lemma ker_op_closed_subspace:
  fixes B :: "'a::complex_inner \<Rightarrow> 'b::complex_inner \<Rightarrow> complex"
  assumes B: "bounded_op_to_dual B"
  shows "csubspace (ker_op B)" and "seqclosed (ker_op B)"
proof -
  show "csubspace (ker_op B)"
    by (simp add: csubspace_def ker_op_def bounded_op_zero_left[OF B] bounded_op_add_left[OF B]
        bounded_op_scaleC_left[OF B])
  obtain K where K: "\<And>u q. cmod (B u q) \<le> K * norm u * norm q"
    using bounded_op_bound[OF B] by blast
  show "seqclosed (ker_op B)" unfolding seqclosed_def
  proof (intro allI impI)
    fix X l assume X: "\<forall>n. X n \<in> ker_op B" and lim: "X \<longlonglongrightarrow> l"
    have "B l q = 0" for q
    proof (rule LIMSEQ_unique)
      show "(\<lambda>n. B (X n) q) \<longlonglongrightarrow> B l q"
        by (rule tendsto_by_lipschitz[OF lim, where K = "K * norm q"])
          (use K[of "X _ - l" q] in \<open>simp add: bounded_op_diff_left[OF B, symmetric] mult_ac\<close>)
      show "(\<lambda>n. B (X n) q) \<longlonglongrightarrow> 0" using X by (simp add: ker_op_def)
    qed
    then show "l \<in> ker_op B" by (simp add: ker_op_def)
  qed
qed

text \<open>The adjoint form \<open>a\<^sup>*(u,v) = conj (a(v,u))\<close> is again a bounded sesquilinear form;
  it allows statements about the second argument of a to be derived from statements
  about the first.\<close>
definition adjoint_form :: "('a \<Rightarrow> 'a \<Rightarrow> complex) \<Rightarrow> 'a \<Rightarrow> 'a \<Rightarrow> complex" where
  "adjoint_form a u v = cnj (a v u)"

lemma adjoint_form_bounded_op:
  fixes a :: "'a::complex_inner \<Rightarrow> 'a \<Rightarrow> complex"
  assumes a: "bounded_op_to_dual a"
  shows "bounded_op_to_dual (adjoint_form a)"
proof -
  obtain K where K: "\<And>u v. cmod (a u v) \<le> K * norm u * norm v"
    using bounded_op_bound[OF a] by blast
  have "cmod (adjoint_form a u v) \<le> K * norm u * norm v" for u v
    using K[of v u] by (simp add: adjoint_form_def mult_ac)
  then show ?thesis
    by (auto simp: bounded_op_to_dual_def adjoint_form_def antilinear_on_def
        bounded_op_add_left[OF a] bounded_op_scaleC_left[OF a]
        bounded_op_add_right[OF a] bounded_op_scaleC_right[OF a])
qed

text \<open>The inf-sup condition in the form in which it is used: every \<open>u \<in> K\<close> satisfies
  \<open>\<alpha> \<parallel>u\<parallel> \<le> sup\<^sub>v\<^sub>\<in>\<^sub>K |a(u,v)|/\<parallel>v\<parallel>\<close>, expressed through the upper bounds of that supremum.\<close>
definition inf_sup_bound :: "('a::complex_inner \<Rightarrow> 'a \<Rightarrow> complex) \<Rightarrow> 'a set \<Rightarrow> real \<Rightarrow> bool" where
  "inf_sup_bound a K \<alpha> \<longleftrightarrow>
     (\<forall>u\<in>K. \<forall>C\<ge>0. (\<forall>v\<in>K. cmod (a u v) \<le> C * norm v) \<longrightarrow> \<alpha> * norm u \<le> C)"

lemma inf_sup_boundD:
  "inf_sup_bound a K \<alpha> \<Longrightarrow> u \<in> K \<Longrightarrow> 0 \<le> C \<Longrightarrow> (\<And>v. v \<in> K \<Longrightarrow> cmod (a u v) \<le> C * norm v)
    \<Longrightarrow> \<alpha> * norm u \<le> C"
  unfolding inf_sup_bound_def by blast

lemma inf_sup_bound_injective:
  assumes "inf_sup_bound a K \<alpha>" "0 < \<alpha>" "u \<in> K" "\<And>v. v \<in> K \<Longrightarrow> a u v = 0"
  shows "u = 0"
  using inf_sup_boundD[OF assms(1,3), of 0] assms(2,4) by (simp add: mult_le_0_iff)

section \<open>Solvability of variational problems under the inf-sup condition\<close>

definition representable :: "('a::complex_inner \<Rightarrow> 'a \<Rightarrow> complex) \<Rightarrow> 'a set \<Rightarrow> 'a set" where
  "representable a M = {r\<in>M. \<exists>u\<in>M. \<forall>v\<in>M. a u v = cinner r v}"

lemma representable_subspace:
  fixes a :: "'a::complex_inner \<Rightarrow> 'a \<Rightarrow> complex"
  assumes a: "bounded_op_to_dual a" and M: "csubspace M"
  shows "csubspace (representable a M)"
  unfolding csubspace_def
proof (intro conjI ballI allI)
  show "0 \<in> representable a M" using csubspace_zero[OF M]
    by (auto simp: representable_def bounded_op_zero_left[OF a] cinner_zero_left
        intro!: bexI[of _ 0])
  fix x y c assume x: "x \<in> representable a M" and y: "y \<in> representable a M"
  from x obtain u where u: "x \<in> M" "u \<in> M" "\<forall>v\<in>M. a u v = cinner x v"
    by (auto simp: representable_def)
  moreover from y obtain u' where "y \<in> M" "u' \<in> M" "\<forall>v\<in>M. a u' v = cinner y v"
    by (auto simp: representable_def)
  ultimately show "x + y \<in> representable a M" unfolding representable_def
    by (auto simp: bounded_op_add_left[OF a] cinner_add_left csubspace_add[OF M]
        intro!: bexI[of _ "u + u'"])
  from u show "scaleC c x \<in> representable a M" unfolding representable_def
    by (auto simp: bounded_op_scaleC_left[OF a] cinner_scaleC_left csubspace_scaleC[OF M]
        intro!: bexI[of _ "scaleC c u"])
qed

----------

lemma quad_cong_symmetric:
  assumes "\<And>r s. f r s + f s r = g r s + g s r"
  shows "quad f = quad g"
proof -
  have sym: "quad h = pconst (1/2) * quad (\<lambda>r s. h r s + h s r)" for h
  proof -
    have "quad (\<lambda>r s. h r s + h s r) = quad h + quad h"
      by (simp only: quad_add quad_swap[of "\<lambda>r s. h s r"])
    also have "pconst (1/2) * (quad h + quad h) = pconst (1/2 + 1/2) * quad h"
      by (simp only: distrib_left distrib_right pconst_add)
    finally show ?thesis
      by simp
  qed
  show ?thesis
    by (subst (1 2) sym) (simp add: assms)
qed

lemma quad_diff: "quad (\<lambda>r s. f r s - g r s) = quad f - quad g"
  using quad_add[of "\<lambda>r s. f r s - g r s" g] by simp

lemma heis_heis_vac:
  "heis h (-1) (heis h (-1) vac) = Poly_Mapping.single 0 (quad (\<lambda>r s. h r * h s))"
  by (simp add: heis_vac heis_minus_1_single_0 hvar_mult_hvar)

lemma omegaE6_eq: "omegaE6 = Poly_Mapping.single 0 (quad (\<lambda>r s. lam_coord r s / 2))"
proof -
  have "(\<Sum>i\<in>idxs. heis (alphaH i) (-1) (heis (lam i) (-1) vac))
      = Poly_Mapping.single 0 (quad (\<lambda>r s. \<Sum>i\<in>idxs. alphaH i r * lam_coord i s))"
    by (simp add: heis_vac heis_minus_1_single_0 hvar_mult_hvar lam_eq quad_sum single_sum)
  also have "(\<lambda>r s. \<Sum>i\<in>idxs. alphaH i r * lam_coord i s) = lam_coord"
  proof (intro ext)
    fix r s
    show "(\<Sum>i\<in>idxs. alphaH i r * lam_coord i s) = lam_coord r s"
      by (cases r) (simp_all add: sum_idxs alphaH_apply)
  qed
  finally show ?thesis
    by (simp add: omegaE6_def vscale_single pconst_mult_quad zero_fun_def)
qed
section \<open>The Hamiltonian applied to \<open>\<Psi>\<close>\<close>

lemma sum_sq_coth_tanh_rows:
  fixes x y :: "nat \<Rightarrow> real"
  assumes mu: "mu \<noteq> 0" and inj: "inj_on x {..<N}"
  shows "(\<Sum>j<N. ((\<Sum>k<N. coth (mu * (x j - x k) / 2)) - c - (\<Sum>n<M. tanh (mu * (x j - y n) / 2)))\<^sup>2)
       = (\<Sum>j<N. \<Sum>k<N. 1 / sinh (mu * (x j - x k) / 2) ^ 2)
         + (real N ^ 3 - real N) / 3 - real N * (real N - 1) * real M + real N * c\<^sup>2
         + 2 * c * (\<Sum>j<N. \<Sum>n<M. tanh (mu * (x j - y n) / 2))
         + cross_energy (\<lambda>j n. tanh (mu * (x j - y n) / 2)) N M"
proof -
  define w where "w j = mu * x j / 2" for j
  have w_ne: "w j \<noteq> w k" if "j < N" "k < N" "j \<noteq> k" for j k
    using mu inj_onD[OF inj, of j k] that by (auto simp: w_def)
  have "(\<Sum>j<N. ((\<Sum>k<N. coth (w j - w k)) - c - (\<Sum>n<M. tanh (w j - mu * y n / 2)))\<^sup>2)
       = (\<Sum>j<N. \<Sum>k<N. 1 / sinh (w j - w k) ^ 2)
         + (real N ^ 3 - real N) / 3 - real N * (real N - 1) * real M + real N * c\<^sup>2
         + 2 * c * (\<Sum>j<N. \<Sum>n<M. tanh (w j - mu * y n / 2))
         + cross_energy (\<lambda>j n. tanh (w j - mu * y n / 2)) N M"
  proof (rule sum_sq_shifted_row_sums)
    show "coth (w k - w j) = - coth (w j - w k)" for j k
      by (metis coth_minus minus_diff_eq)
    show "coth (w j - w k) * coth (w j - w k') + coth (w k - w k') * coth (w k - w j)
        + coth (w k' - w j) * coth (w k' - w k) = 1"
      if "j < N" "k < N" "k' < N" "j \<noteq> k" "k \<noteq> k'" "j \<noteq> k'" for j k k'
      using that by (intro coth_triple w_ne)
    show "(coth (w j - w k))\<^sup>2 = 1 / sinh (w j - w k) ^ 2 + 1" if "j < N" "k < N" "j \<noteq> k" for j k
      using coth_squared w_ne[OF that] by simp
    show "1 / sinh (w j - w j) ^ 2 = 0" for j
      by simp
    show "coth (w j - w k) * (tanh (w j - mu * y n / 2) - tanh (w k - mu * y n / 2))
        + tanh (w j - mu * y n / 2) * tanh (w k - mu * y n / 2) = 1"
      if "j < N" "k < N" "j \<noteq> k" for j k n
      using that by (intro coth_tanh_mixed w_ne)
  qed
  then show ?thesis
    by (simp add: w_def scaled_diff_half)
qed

----------

* _WHAT TO WORK ON_
If a line in the entries above contains the word "sinh", copy it.

* _ANSWER TO THE PROBLEM_
       = (\<Sum>j<N. \<Sum>k<N. 1 / sinh (mu * (x j - x k) / 2) ^ 2)
       = (\<Sum>j<N. \<Sum>k<N. 1 / sinh (w j - w k) ^ 2)
    show "(coth (w j - w k))\<^sup>2 = 1 / sinh (w j - w k) ^ 2 + 1" if "j < N" "k < N" "j \<noteq> k" for j k
    show "1 / sinh (w j - w j) ^ 2 = 0" for j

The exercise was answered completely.